Es gab zu dieser Zeit viele Gründe für die Verfolgung der Jesuiten, fast jeder europäische Monarch hatte seinen eigenen Bericht über den Orden … (Überschrift "Gut vergessen")

Infolge der Teilung Polens unter Katharina II. Erhielt Russland mit einem Teil seines Kuchens eine beträchtliche Anzahl von Katholiken. Zu den Mönchsorden, die auf dem Gebiet von Belarus tätig waren, gehörten die Jesuiten. Die Behörden mussten dringend ihre Haltung gegenüber dem berühmtesten katholischen Orden bestimmen.

Jesuiten in Russland wurden lange Zeit nicht bevorzugt, und das Wort "Jesuit" auf Russisch hat eine ausgesprochen negative Konnotation. Der moderne Russe auf der Straße wird vielleicht nicht im Detail erklären können, womit dies verbunden ist. In der Regel hörte er nichts über den Spanier Ignatius Loyola, über den Kampf der Jesuiten gegen die Reformation, über den raschen Aufstieg, Fall und den neuen Aufstieg des Ordens. Das moderne russische Enzyklopädie-Wörterbuch wird einem neugierigen Menschen ein wenig helfen. Er teilt nur äußerst trocken mit, dass der Jesuitenorden 1534 gegründet und 1719 auf Erlass von Peter I. aus Russland ausgewiesen wurde. Dann informiert das Wörterbuch, das sicher über ein Jahrhundert springt, sofort, dass 1801 "ihre (Jesuiten-) Existenz offiziell anerkannt wurde, aber 1820 verbot Alexander I. ihre Tätigkeit."

Aus diesen Informationen ist absolut unmöglich zu verstehen, warum Peter die Jesuiten "vertrieb", die sie später in Russland "anerkannten", und warum Alexander I. den Orden erneut "verbot". Was jedoch von Peter geleitet wurde, wurde bereits in "The Well Forgotten" besprochen. Die Freundschaft der Jesuiten mit Vasily Golitsin, Sophias Favorit, gefiel ihm nicht.

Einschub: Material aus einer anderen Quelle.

(* Let $N\ge2$, $0=t_0<t_1<\dots<t_N=1$, $\delta_i:=t_i-t_{i-1}$, and assume $\alpha\delta\le\delta_i\le\delta$ for each $i\in\{1,\dots,N\}$, where $\alpha,\delta>0$. Let $\mathbf T$ be the $(N-1)\times(N-1)$ symmetric tridiagonal matrix with diagonal entries $\mathbf T_{i,i}=2(\delta_i+\delta_{i+1})$ and off-diagonal entries $\mathbf T_{i,i+1}=\mathbf T_{i+1,i}=\delta_{i+1}$. Then $\mathbf T$ is invertible and for all $i,j\in\{1,\dots,N-1\}$, $$|(\mathbf T^{-1})_{i,j}|\le\frac{1}{4\alpha^2(1+\alpha)^{|i-j|-1}}\,\frac1\delta.$$ *)

theory Defs
  imports Complex_Main "Jordan_Normal_Form.Matrix"
begin

text \<open>The (N-1)x(N-1) tridiagonal matrix T of the paper, with 0-based indices:
  paper row i (1-based) is row i-1 here.\<close>

definition tri_T :: "nat \<Rightarrow> (nat \<Rightarrow> real) \<Rightarrow> real mat" where
  "tri_T N t = mat (N - 1) (N - 1) (\<lambda>(i, j).
     (let d = (\<lambda>k. t k - t (k - 1)) in
      if i = j then 2 * (d (i + 1) + d (i + 2))
      else if j = i + 1 then d (i + 2)
      else if i = j + 1 then d (j + 2)
      else 0))"

end

theory Submission
  imports Defs "Jordan_Normal_Form.Determinant"
begin

text \<open>Write \<open>d i = t i - t (i - 1)\<close>. If \<open>T y = w\<close>, then, \<open>T\<close> being diagonally dominant with
  nonnegative entries, \<open>|y|\<close> (extended by zero at the indices \<open>0\<close> and \<open>N\<close>) satisfies
  \<open>2 (d i + d (i+1)) |y i| \<le> d i |y (i-1)| + d (i+1) |y (i+1)| + |w i|\<close>.
  At a maximum of \<open>|y|\<close> this gives \<open>|y| \<le> max |w| / (2 \<alpha> \<delta>)\<close>: with \<open>w = 0\<close> this is
  invertibility, with \<open>w = e j\<close> a bound on the \<open>j\<close>-th column of the inverse. Away from row \<open>j\<close>
  the term \<open>|w i|\<close> vanishes; at a maximum of \<open>|y|\<close> over the indices at distance \<open>> m\<close> from
  \<open>j\<close>, the neighbour away from \<open>j\<close> is no larger, and since the ratio of adjacent steps is at
  least \<open>\<alpha>\<close> the inequality forces a gain of \<open>1 + \<alpha>\<close> over the maximum at distance
  \<open>\<ge> m\<close>. The stated constant follows from \<open>2 \<alpha> \<le> 1 + \<alpha>\<close>.\<close>

text \<open>Shifts to the paper's 1-based indices and adds the boundary values \<open>y 0 = y N = 0\<close>,
  so that every row of \<open>tri_T\<close> reads \<open>d i y (i-1) + 2 (d i + d (i+1)) y i + d (i+1) y (i+1)\<close>.\<close>

definition pad_vec :: "'a :: zero vec \<Rightarrow> nat \<Rightarrow> 'a" where
  "pad_vec v i = (if 0 < i \<and> i \<le> dim_vec v then v $ (i - 1) else 0)"

lemma tri_T_carrier: "tri_T N t \<in> carrier_mat (N - 1) (N - 1)"
  by (simp add: tri_T_def)

lemma index_tri_T_mult_vec:
  fixes t :: "nat \<Rightarrow> real"
  defines "d \<equiv> \<lambda>k. t k - t (k - 1)"
  assumes v: "v \<in> carrier_vec (N - 1)" and p: "p < N - 1"
  shows "(tri_T N t *\<^sub>v v) $ p = d (Suc p) * pad_vec v p
    + 2 * (d (Suc p) + d (Suc (Suc p))) * pad_vec v (Suc p) + d (Suc (Suc p)) * pad_vec v (Suc (Suc p))"
proof -
  have entry: "tri_T N t $$ (p, k) * v $ k =
      (if 0 < p then if k = p - 1 then d (Suc p) * v $ k else 0 else 0)
      + (if k = p then 2 * (d (Suc p) + d (Suc (Suc p))) * v $ k else 0)
      + (if k = Suc p then d (Suc (Suc p)) * v $ k else 0)" if "k < N - 1" for k
    using p that unfolding tri_T_def d_def by auto
  have "(tri_T N t *\<^sub>v v) $ p = (\<Sum>k<N - 1. tri_T N t $$ (p, k) * v $ k)"
    using v p by (auto simp: scalar_prod_def tri_T_def lessThan_atLeast0 intro!: sum.cong)
  also have "\<dots> = d (Suc p) * pad_vec v p
    + 2 * (d (Suc p) + d (Suc (Suc p))) * pad_vec v (Suc p) + d (Suc (Suc p)) * pad_vec v (Suc (Suc p))"
    using v p by (simp add: entry sum.distrib pad_vec_def)
  finally show ?thesis .
qed

definition tridiag_subsolution ::
    "nat \<Rightarrow> (nat \<Rightarrow> real) \<Rightarrow> (nat \<Rightarrow> real) \<Rightarrow> (nat \<Rightarrow> real) \<Rightarrow> bool" where
  "tridiag_subsolution N d r f \<longleftrightarrow> f 0 = 0 \<and> f N = 0 \<and> (\<forall>i. 0 \<le> f i) \<and>
     (\<forall>i. 0 < i \<longrightarrow> i < N \<longrightarrow>
        2 * (d i + d (Suc i)) * f i \<le> d i * f (i - 1) + d (Suc i) * f (Suc i) + r i)"

lemma tri_T_subsolution:
  fixes t :: "nat \<Rightarrow> real"
  defines "d \<equiv> \<lambda>k. t k - t (k - 1)"
  assumes steps: "\<And>i. 0 < i \<Longrightarrow> i \<le> N \<Longrightarrow> 0 \<le> d i" and v: "v \<in> carrier_vec (N - 1)"
  shows "tridiag_subsolution N d (\<lambda>i. \<bar>pad_vec (tri_T N t *\<^sub>v v) i\<bar>) (\<lambda>i. \<bar>pad_vec v i\<bar>)"
  unfolding tridiag_subsolution_def
proof (intro conjI allI impI)
  fix i :: nat
  assume i: "0 < i" "i < N"
  then obtain p where p: "i = Suc p" "p < N - 1" by (cases i) auto
  let ?y = "pad_vec v" and ?w = "pad_vec (tri_T N t *\<^sub>v v)"
  have "?w i = (tri_T N t *\<^sub>v v) $ p"
    using p tri_T_carrier[of N t] by (simp add: pad_vec_def)
  then have row: "?w i = d i * ?y (i - 1) + 2 * (d i + d (Suc i)) * ?y i + d (Suc i) * ?y (Suc i)"
    using index_tri_T_mult_vec[OF v p(2)] p unfolding d_def by simp
  have "0 \<le> d i" "0 \<le> d (Suc i)" using steps i by auto
  then have "\<bar>2 * (d i + d (Suc i)) * ?y i\<bar> = 2 * (d i + d (Suc i)) * \<bar>?y i\<bar>"
    and "\<bar>d i * ?y (i - 1)\<bar> = d i * \<bar>?y (i - 1)\<bar>"
    and "\<bar>d (Suc i) * ?y (Suc i)\<bar> = d (Suc i) * \<bar>?y (Suc i)\<bar>"
    by (simp_all add: abs_mult)
  with row show "2 * (d i + d (Suc i)) * \<bar>?y i\<bar>
      \<le> d i * \<bar>?y (i - 1)\<bar> + d (Suc i) * \<bar>?y (Suc i)\<bar> + \<bar>?w i\<bar>"
    by linarith
qed (use v in \<open>auto simp: pad_vec_def\<close>)

lemma tridiag_subsolution_bound:
  assumes sub: "tridiag_subsolution N d r f"
    and d: "\<And>i. 0 < i \<Longrightarrow> i \<le> N \<Longrightarrow> a \<le> d i" and a: "0 < a"
    and r: "\<And>i. 0 < i \<Longrightarrow> i < N \<Longrightarrow> r i \<le> R" and R: "0 \<le> R"
    and i: "i \<le> N"
  shows "f i \<le> R / (2 * a)"
proof -
  obtain k where k: "k \<le> N" and max: "\<And>i. i \<le> N \<Longrightarrow> f i \<le> f k"
    using Max_in[of "f ` {..N}"] Max_ge[of "f ` {..N}"] by fastforce
  have "f k \<le> R / (2 * a)"
  proof (cases "0 < k \<and> k < N")
    case True
    then have "2 * (d k + d (Suc k)) * f k \<le> d k * f (k - 1) + d (Suc k) * f (Suc k) + r k"
      using sub unfolding tridiag_subsolution_def by blast
    also have "\<dots> \<le> d k * f k + d (Suc k) * f k + R"
      using True max[of "k - 1"] max[of "Suc k"] d[of k] d[of "Suc k"] a r[of k]
      by (intro add_mono mult_left_mono) auto
    finally have "(d k + d (Suc k)) * f k \<le> R" by (simp add: algebra_simps)
    moreover have "2 * a * f k \<le> (d k + d (Suc k)) * f k"
      using True d[of k] d[of "Suc k"] sub unfolding tridiag_subsolution_def
      by (intro mult_right_mono) auto
    ultimately show ?thesis using a by (simp add: pos_le_divide_eq mult.commute)
  next
    case False
    then have "f k = 0" using k sub unfolding tridiag_subsolution_def by (auto simp: le_less)
    then show ?thesis using a R by simp
  qed
  then show ?thesis using max[OF i] by linarith
qed

lemma tridiag_decay_step:
  fixes a b x P \<alpha> :: real
  assumes "0 < a" "0 \<le> x" "\<alpha> * a \<le> b" and "2 * (a + b) * x \<le> a * P + b * x"
  shows "(1 + \<alpha>) * x \<le> P"
proof -
  have "(1 + \<alpha>) * a \<le> 2 * a + b" using assms by (simp add: algebra_simps)
  then have "(1 + \<alpha>) * a * x \<le> (2 * a + b) * x"
    using \<open>0 \<le> x\<close> by (rule mult_right_mono)
  then have "a * ((1 + \<alpha>) * x) \<le> (2 * a + b) * x" by (simp add: algebra_simps)
  also have "\<dots> \<le> a * P" using assms by (simp add: algebra_simps)
  finally show ?thesis using \<open>0 < a\<close> by simp
qed

lemma tridiag_subsolution_decay:
  fixes \<alpha> M :: real
  assumes sub: "tridiag_subsolution N d r f"
    and d: "\<And>i. 0 < i \<Longrightarrow> i \<le> N \<Longrightarrow> 0 < d i"
    and ratio: "\<And>i. 0 < i \<Longrightarrow> i < N \<Longrightarrow> \<alpha> * d i \<le> d (Suc i) \<and> \<alpha> * d (Suc i) \<le> d i"
    and \<alpha>: "0 \<le> \<alpha>"
    and r: "\<And>i. 0 < i \<Longrightarrow> i < N \<Longrightarrow> i \<noteq> j \<Longrightarrow> r i \<le> 0"
    and M: "\<And>i. i \<le> N \<Longrightarrow> f i \<le> M"
  shows "i \<le> N \<Longrightarrow> j + m \<le> i \<or> i + m \<le> j \<Longrightarrow> f i \<le> M / (1 + \<alpha>) ^ m"
proof (induction m arbitrary: i)
  case 0
  then show ?case using M by simp
next
  case (Suc m)
  let ?S = "{k. k \<le> N \<and> (j + Suc m \<le> k \<or> k + Suc m \<le> j)}"
  let ?P = "M / (1 + \<alpha>) ^ m"
  have "finite ?S" by simp
  then obtain k where k: "k \<in> ?S" and max: "\<And>l. l \<in> ?S \<Longrightarrow> f l \<le> f k"
    using Max_in[of "f ` ?S"] Max_ge[of "f ` ?S"] Suc.prems by fastforce
  have f: "f 0 = 0" "f N = 0" "\<And>i. 0 \<le> f i"
    and row: "\<And>i. 0 < i \<Longrightarrow> i < N \<Longrightarrow>
      2 * (d i + d (Suc i)) * f i \<le> d i * f (i - 1) + d (Suc i) * f (Suc i) + r i"
    using sub unfolding tridiag_subsolution_def by blast+
  txt \<open>The neighbour of \<open>k\<close> away from \<open>j\<close> lies in \<open>?S\<close>, the one towards \<open>j\<close> is covered by
    the induction hypothesis.\<close>
  have "(1 + \<alpha>) * f k \<le> ?P"
  proof (cases "0 < k \<and> k < N")
    case True
    have dk: "0 < d k" "0 < d (Suc k)" using d True by auto
    have row_k: "2 * (d k + d (Suc k)) * f k \<le> d k * f (k - 1) + d (Suc k) * f (Suc k)"
      using row[of k] r[of k] True k by auto
    consider "j + Suc m \<le> k" | "k + Suc m \<le> j" using k by auto
    then show ?thesis
    proof cases
      case 1
      have "f (k - 1) \<le> ?P" using 1 k by (intro Suc.IH) auto
      moreover have "f (Suc k) \<le> f k" using max[of "Suc k"] 1 True by auto
      ultimately have "d k * f (k - 1) \<le> d k * ?P" "d (Suc k) * f (Suc k) \<le> d (Suc k) * f k"
        using dk by (metis less_imp_le mult_left_mono)+
      then have "2 * (d k + d (Suc k)) * f k \<le> d k * ?P + d (Suc k) * f k"
        using row_k by linarith
      then show ?thesis using tridiag_decay_step[of "d k" "f k" \<alpha> "d (Suc k)"] dk f ratio[of k] True by blast
    next
      case 2
      have "f (Suc k) \<le> ?P" using 2 True by (intro Suc.IH) auto
      moreover have "f (k - 1) \<le> f k" using max[of "k - 1"] 2 True by auto
      ultimately have "d (Suc k) * f (Suc k) \<le> d (Suc k) * ?P" "d k * f (k - 1) \<le> d k * f k"
        using dk by (metis less_imp_le mult_left_mono)+
      then have "2 * (d (Suc k) + d k) * f k \<le> d (Suc k) * ?P + d k * f k"
        using row_k by (simp add: algebra_simps)
      then show ?thesis using tridiag_decay_step[of "d (Suc k)" "f k" \<alpha> "d k"] dk f ratio[of k] True by blast
    qed
  next
    case False
    then have "f k = 0" using k f by (auto simp: le_less)
    moreover have "0 \<le> M" using M[of 0] f by simp
    ultimately show ?thesis using \<alpha> by simp
  qed
  then have "f k * (1 + \<alpha>) ^ Suc m \<le> M"
    using \<alpha> by (simp add: pos_le_divide_eq mult_ac)
  then have "f k \<le> M / (1 + \<alpha>) ^ Suc m"
    using \<alpha> by (simp only: pos_le_divide_eq zero_less_power add_pos_nonneg zero_less_one)
  then show ?case using max[of i] Suc.prems by auto
qed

Das vorrevolutionäre russische Wörterbuch ist im Gegensatz zum modernen Wörterbuch im Gegenteil umfangreich und emotional. Er brodelt buchstäblich mit unverhohlener und ungezügelter Wut: „Die Jesuiten erkannten die Macht des Papstes als die direkte Errichtung Gottes und die Macht der Souveräne als aus dem Willen des Volkes hervorgegangen und daher der Kontrolle des Volkes unterworfen und in letzter Instanz - unter der Kontrolle des Papstes - eine ganze Theorie der Revolutionen, des Ungehorsams gegenüber den Gesetzen. Widerstand gegen Souveräne und sogar "Tyrannizid". Sie predigten diese Theorie nicht nur, sondern wandten sie auch in der Praxis an. Die Moraltheorien der Jesuiten rechtfertigen Täuschung, Lüge, Meineid, zerstören jeden edlen Impuls zur moralischen Wiederbelebung und Verbesserung, setzen die gröbsten Instinkte frei und stellen einen Kompromiss zwischen Gottes Wahrheit und menschlicher Unwahrheit her."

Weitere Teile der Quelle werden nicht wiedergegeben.